◆ Task description:
In the records below, find the line holding "E(3) that]] E(1,3)]" and the line holding "using variation_field_vanishes_at_fixed_end[OF H". Set down both, with every line between them, exactly.

Data extracted from a collection
|---|

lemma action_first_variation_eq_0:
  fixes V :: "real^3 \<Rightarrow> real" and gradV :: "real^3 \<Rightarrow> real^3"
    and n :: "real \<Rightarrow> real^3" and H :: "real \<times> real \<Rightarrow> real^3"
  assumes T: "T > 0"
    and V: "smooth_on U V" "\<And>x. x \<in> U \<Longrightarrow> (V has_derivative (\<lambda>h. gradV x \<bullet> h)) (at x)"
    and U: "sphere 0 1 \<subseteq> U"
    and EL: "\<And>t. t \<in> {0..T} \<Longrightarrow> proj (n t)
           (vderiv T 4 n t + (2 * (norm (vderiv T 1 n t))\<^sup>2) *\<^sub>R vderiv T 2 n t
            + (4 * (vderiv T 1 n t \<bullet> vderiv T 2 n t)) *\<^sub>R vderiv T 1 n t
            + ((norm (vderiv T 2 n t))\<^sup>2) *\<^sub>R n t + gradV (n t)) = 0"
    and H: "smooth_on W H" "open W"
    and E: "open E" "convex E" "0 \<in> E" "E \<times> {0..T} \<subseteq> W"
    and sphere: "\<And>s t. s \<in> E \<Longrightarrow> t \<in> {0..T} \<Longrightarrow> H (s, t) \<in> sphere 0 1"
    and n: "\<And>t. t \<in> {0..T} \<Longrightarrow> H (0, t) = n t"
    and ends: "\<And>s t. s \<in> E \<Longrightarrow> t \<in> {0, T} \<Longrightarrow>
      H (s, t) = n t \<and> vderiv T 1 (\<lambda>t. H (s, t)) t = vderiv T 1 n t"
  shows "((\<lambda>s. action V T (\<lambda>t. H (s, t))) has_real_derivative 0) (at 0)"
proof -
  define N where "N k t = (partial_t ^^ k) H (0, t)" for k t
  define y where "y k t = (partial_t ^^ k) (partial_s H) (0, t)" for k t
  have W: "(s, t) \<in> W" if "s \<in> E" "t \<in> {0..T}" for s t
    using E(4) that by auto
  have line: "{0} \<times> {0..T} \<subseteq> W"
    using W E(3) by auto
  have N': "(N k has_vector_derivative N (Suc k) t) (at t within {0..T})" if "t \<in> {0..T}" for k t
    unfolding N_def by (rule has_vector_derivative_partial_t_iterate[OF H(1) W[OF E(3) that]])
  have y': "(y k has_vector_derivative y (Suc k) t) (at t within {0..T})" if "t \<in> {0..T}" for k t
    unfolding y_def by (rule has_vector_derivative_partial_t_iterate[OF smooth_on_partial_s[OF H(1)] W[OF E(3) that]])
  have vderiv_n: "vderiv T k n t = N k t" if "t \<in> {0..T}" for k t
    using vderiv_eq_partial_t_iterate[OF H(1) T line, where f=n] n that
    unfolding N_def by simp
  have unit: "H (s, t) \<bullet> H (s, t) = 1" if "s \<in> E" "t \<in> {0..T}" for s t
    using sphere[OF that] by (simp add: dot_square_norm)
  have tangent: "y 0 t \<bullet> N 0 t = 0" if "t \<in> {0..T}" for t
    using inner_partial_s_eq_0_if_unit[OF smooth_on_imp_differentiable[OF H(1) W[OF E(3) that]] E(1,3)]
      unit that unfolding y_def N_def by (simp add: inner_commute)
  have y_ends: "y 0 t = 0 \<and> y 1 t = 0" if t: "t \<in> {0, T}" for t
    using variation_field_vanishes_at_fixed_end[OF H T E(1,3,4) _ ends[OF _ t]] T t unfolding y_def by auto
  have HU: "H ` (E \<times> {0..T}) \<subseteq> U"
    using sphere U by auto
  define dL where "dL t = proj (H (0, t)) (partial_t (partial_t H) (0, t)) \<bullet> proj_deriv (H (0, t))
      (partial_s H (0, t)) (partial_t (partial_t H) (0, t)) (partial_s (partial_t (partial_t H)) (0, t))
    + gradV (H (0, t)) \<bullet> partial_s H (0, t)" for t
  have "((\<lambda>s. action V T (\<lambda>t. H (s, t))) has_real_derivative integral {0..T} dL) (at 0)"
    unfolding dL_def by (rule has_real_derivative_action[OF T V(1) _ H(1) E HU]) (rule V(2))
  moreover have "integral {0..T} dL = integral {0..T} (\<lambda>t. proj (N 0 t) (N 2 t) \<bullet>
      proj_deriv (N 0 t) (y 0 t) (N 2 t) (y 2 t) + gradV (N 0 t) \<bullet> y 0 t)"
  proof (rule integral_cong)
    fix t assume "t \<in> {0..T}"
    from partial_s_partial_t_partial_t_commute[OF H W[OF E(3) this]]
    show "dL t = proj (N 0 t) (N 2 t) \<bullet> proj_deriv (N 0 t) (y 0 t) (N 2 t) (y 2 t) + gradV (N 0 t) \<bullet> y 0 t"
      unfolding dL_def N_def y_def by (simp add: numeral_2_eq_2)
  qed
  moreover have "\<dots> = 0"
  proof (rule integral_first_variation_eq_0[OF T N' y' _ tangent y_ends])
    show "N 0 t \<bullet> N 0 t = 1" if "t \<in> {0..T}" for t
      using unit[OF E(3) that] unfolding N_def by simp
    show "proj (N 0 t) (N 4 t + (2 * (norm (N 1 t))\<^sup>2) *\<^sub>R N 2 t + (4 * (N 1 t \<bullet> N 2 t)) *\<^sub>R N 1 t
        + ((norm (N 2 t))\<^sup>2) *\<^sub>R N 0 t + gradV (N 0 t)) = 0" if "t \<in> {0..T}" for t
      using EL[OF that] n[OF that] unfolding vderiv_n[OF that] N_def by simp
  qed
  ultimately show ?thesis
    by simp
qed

|---|

◆ Answer section:
    using inner_partial_s_eq_0_if_unit[OF smooth_on_imp_differentiable[OF H(1) W[OF E(3) that]] E(1,3)]
      unit that unfolding y_def N_def by (simp add: inner_commute)
  have y_ends: "y 0 t = 0 \<and> y 1 t = 0" if t: "t \<in> {0, T}" for t
    using variation_field_vanishes_at_fixed_end[OF H T E(1,3,4) _ ends[OF _ t]] T t unfolding y_def by auto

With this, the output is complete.